ENTRIES PROVIDED START

(* Let $n\ge1$ and let $p=p_1\cdots p_{n-1}1$ be a strongly 312-avoiding permutation of $\{1,\dots,n\}$ ending in the entry $1$. Then the smallest $\lceil n/2\rceil$ entries of $p$ occupy the last $\lceil n/2\rceil$ positions in decreasing order; that is, $p_{n-j+1}=j$ for all $j=1,\dots,\lceil n/2\rceil$.
   Context: Permutations are written in one-line notation $p=p_1\cdots p_n$ with $p_i=p(i)$. $p$ contains a pattern $q=q_1\cdots q_m$ if there are indices $i_1<\cdots<i_m$ with $p_{i_r}<p_{i_s}$ iff $q_r<q_s$; otherwise $p$ avoids $q$. $p^2(i)=p(p(i))$. A permutation $p$ is strongly $q$-avoiding if both $p$ and $p^2$ avoid $q$. *)

theory Defs
  imports "HOL-Combinatorics.Permutations"
begin

text \<open>Permutations of {1..n} are functions nat => nat with  p permutes {1..n};
  one-line notation p_i = p i.  A pattern q of length m is given as a list
  (one-line notation of a permutation of {1..m}).\<close>

definition contains_pattern :: "nat \<Rightarrow> (nat \<Rightarrow> nat) \<Rightarrow> nat list \<Rightarrow> bool" where
  "contains_pattern n p q \<longleftrightarrow>
     (\<exists>ix :: nat \<Rightarrow> nat.
        (\<forall>r < length q. ix r \<in> {1..n}) \<and>
        (\<forall>r s. r < s \<and> s < length q \<longrightarrow> ix r < ix s) \<and>
        (\<forall>r < length q. \<forall>s < length q. (p (ix r) < p (ix s) \<longleftrightarrow> q ! r < q ! s)))"

definition avoids_pattern :: "nat \<Rightarrow> (nat \<Rightarrow> nat) \<Rightarrow> nat list \<Rightarrow> bool" where
  "avoids_pattern n p q \<longleftrightarrow> \<not> contains_pattern n p q"

definition strongly_avoiding :: "nat \<Rightarrow> (nat \<Rightarrow> nat) \<Rightarrow> nat list \<Rightarrow> bool" where
  "strongly_avoiding n p q \<longleftrightarrow> avoids_pattern n p q \<and> avoids_pattern n (p \<circ> p) q"

end

theory Submission
  imports Defs
begin

text \<open>Induction on \<open>j\<close>: suppose the last \<open>j - 1\<close> positions already hold \<open>j - 1, \<dots>, 1\<close>, so the
  values \<open>\<ge> j\<close> fill the block of positions \<open>1..k\<close> with \<open>k = n - j + 1\<close>, and suppose the minimum \<open>j\<close>
  of that block sits at a position \<open>m < k\<close>. Avoiding 312, \<open>p\<close> increases across \<open>m\<close> inside the
  block and places the value \<open>n\<close> at some position \<open>t > m\<close>. Since \<open>p\<^sup>2 t = p n = 1\<close> and
  \<open>p\<^sup>2 n = p 1\<close>, it suffices to find \<open>a < t\<close> with \<open>p\<^sup>2 a > p 1\<close> to get a 312 in \<open>p\<^sup>2\<close>: take for
  \<open>a\<close> the position of a value \<open>v\<close> of the block with \<open>m < v\<close>, namely \<open>v = j\<close> (if \<open>m = 1\<close> or
  \<open>m < j\<close>) or \<open>v = m + 1\<close>, whose position is forced left of \<open>m\<close> by counting.\<close>

lemma contains_312I:
  fixes f :: "nat \<Rightarrow> nat"
  assumes "1 \<le> a" "a < b" "b < c" "c \<le> n" "f b < f c" "f c < f a"
  shows "contains_pattern n f [3,1,2]"
  unfolding contains_pattern_def
  by (rule exI[of _ "nth [a, b, c]"]) (use assms in \<open>auto simp: less_Suc_eq numeral_eq_Suc\<close>)

lemma avoids_312_increasing_across_smaller:
  fixes p :: "nat \<Rightarrow> nat"
  assumes "\<not> contains_pattern n p [3,1,2]" and "inj_on p {1..n}"
    and "1 \<le> a" "a < m" "m < b" "b \<le> n" "p m < p b"
  shows "p a < p b"
proof -
  have "a \<in> {1..n}" "b \<in> {1..n}" "a \<noteq> b" using assms(3-6) by auto
  then have "p a \<noteq> p b" using assms(2) by (meson inj_on_contraD)
  moreover have "\<not> p b < p a" using assms(1,3-7) contains_312I[of a m b n p] by blast
  ultimately show ?thesis by simp
qed

locale reversed_suffix =
  fixes n j k :: nat and p :: "nat \<Rightarrow> nat"
  assumes perm: "p permutes {1..n}"
    and avoids: "\<not> contains_pattern n p [3,1,2]"
    and suffix: "\<And>i. 1 \<le> i \<Longrightarrow> i < j \<Longrightarrow> p (n - i + 1) = i"
    and j_ge: "2 \<le> j" and j_le: "j \<le> (n + 1) div 2"
    and k_def: "k = n - j + 1"
begin

lemma k_bounds: "j \<le> k" "k < n" "2 \<le> k"
  using j_ge j_le unfolding k_def by linarith+

lemma inj: "inj p"
  using perm by (rule permutes_inj)

lemma in_range: "q \<in> {1..n} \<Longrightarrow> p q \<in> {1..n}"
  by (rule permutes_in_image[OF perm, THEN iffD2])

lemma position_of:
  assumes "v \<in> {1..n}"
  obtains q where "q \<in> {1..n}" "p q = v"
  using assms permutes_image[OF perm] by (metis imageE)

lemma p_last: "p n = 1"
  using suffix[of 1] j_ge k_bounds(2) by simp

lemma ge_j_iff_in_block:
  assumes "q \<in> {1..n}"
  shows "j \<le> p q \<longleftrightarrow> q \<le> k"
proof
  assume "j \<le> p q"
  show "q \<le> k"
  proof (rule ccontr)
    assume "\<not> q \<le> k"
    then have "p (n - (n - q + 1) + 1) = n - q + 1"
      using assms by (intro suffix) (auto simp: k_def)
    with assms \<open>\<not> q \<le> k\<close> \<open>j \<le> p q\<close> show False by (auto simp: k_def)
  qed
next
  assume "q \<le> k"
  show "j \<le> p q"
  proof (rule ccontr)
    assume "\<not> j \<le> p q"
    have "p q \<in> {1..n}" using in_range assms by blast
    with \<open>\<not> j \<le> p q\<close> have "p (n - p q + 1) = p q" by (intro suffix) auto
    then have "n - p q + 1 = q" using inj by (simp add: inj_eq)
    with \<open>p q \<in> {1..n}\<close> \<open>\<not> j \<le> p q\<close> \<open>q \<le> k\<close> k_bounds show False unfolding k_def by linarith
  qed
qed

context
  fixes m :: nat
  assumes m: "m \<in> {1..n}" "p m = j" and m_lt: "m < k"
begin

lemma above_j_in_block:
  assumes "1 \<le> q" "q \<le> k" "q \<noteq> m"
  shows "j < p q"
proof -
  have "q \<in> {1..n}" using assms k_bounds by auto
  then have "j \<le> p q" using ge_j_iff_in_block assms by blast
  moreover have "p q \<noteq> p m" using inj assms(3) by (simp add: inj_eq)
  ultimately show ?thesis using m by simp
qed

lemma increasing_across_min:
  assumes "1 \<le> a" "a < m" "m < b" "b \<le> k"
  shows "p a < p b"
proof (rule avoids_312_increasing_across_smaller[OF avoids _ assms(1-3)])
  show "inj_on p {1..n}" using inj by (rule inj_on_subset) simp
  show "b \<le> n" using assms(4) k_bounds by simp
  show "p m < p b" using above_j_in_block[of b] assms m by simp
qed

lemma max_position:
  assumes "t \<in> {1..n}" "p t = n"
  shows "m < t" "t \<le> k"
proof -
  show "t \<le> k" using ge_j_iff_in_block[OF assms(1)] assms(2) k_bounds by simp
  show "m < t"
  proof (rule ccontr)
    assume "\<not> m < t"
    moreover have "t \<noteq> m" using assms m k_bounds by auto
    ultimately have "p t < p k" using increasing_across_min[of t k] assms m_lt by auto
    with assms in_range[of k] k_bounds show False by auto
  qed
qed

text \<open>The values \<open>j + 1, \<dots>, m\<close> are too few to fill the \<open>m - 1\<close> positions left of \<open>m\<close>, all of
  which would lie below \<open>m + 1\<close> if \<open>m + 1\<close> were placed right of \<open>m\<close>.\<close>
lemma succ_position_before_min:
  assumes "j \<le> m" "b \<in> {1..n}" "p b = m + 1"
  shows "b < m"
proof (rule ccontr)
  assume "\<not> b < m"
  moreover have "b \<noteq> m" using assms m by auto
  ultimately have "m < b" by simp
  have "b \<le> k" using ge_j_iff_in_block[OF assms(2)] assms(1,3) by simp
  have "p ` {1..<m} \<subseteq> {j + 1..m}"
  proof
    fix y assume "y \<in> p ` {1..<m}"
    then obtain a where a: "a \<in> {1..<m}" "y = p a" by auto
    then show "y \<in> {j + 1..m}"
      using increasing_across_min[of a b] above_j_in_block[of a] assms \<open>m < b\<close> \<open>b \<le> k\<close> m_lt by auto
  qed
  then have "card (p ` {1..<m}) \<le> card {j + 1..m}" by (intro card_mono) auto
  moreover have "card (p ` {1..<m}) = m - 1"
    using inj_on_subset[OF inj] by (simp add: card_image)
  ultimately show False using j_ge assms by simp
qed

lemma square_contains_312: "contains_pattern n (p \<circ> p) [3,1,2]"
proof -
  obtain t where t: "t \<in> {1..n}" "p t = n" using position_of[of n] k_bounds by auto
  have "\<exists>a. 1 \<le> a \<and> a < t \<and> p 1 < p (p a)"
  proof (cases "m = 1 \<or> m < j")
    case True
    have "p 1 < p j"
    proof (cases "m = 1")
      case True
      then show ?thesis using above_j_in_block[of j] m k_bounds j_ge by auto
    next
      case False
      then show ?thesis using increasing_across_min[of 1 j] True m k_bounds by auto
    qed
    then show ?thesis using m max_position t by auto
  next
    case False
    obtain b where b: "b \<in> {1..n}" "p b = m + 1" using position_of[of "m + 1"] m_lt k_bounds by auto
    have "p 1 < p (m + 1)" using increasing_across_min[of 1 "m + 1"] False m m_lt by auto
    moreover have "b < t" using succ_position_before_min[OF _ b] max_position[OF t] False by auto
    ultimately show ?thesis using b by auto
  qed
  then obtain a where "1 \<le> a" "a < t" "p 1 < p (p a)" by blast
  moreover have "1 < p 1" using ge_j_iff_in_block[of 1] k_bounds j_ge by auto
  ultimately show ?thesis
    using contains_312I[of a t n n "p \<circ> p"] t max_position[OF t] k_bounds p_last by auto
qed

end

lemma next_value:
  assumes "\<not> contains_pattern n (p \<circ> p) [3,1,2]"
  shows "p k = j"
proof -
  obtain m where m: "m \<in> {1..n}" "p m = j" using position_of[of j] j_ge k_bounds by auto
  have "m \<le> k" using ge_j_iff_in_block m by auto
  moreover have "\<not> m < k" using square_contains_312[OF m] assms by blast
  ultimately show ?thesis using m by simp
qed

end

theorem lemma3p4:
  fixes n :: nat and p :: "nat \<Rightarrow> nat"
  assumes "n \<ge> 1"
    and "p permutes {1..n}"
    and "strongly_avoiding n p [3,1,2]"
    and "p n = 1"
  shows "\<forall>j \<in> {1..(n + 1) div 2}. p (n - j + 1) = j"
proof -
  have avoids: "\<not> contains_pattern n p [3,1,2]" "\<not> contains_pattern n (p \<circ> p) [3,1,2]"
    using assms(3) unfolding strongly_avoiding_def avoids_pattern_def by auto
  have "p (n - j + 1) = j" if "1 \<le> j" "j \<le> (n + 1) div 2" for j
    using that
  proof (induction j rule: less_induct)
    case (less j)
    show ?case
    proof (cases "j = 1")
      case True
      then show ?thesis using assms by simp
    next
      case False
      then have "reversed_suffix n j (n - j + 1) p"
        using assms(2) avoids(1) less by unfold_locales auto
      then show ?thesis using reversed_suffix.next_value avoids(2) by blast
    qed
  qed
  then show ?thesis by auto
qed

end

ENTRIES PROVIDED END

TASK OBJECTIVE:
Write out again, exactly, the lines from the start of the entries up to and including the one with "(\<forall>r < length q. \<forall>s". Nothing else belongs in the reply.

WRITTEN ANSWER:
(* Let $n\ge1$ and let $p=p_1\cdots p_{n-1}1$ be a strongly 312-avoiding permutation of $\{1,\dots,n\}$ ending in the entry $1$. Then the smallest $\lceil n/2\rceil$ entries of $p$ occupy the last $\lceil n/2\rceil$ positions in decreasing order; that is, $p_{n-j+1}=j$ for all $j=1,\dots,\lceil n/2\rceil$.
   Context: Permutations are written in one-line notation $p=p_1\cdots p_n$ with $p_i=p(i)$. $p$ contains a pattern $q=q_1\cdots q_m$ if there are indices $i_1<\cdots<i_m$ with $p_{i_r}<p_{i_s}$ iff $q_r<q_s$; otherwise $p$ avoids $q$. $p^2(i)=p(p(i))$. A permutation $p$ is strongly $q$-avoiding if both $p$ and $p^2$ avoid $q$. *)

theory Defs
  imports "HOL-Combinatorics.Permutations"
begin

text \<open>Permutations of {1..n} are functions nat => nat with  p permutes {1..n};
  one-line notation p_i = p i.  A pattern q of length m is given as a list
  (one-line notation of a permutation of {1..m}).\<close>

definition contains_pattern :: "nat \<Rightarrow> (nat \<Rightarrow> nat) \<Rightarrow> nat list \<Rightarrow> bool" where
  "contains_pattern n p q \<longleftrightarrow>
     (\<exists>ix :: nat \<Rightarrow> nat.
        (\<forall>r < length q. ix r \<in> {1..n}) \<and>
        (\<forall>r s. r < s \<and> s < length q \<longrightarrow> ix r < ix s) \<and>
        (\<forall>r < length q. \<forall>s < length q. (p (ix r) < p (ix s) \<longleftrightarrow> q ! r < q ! s)))"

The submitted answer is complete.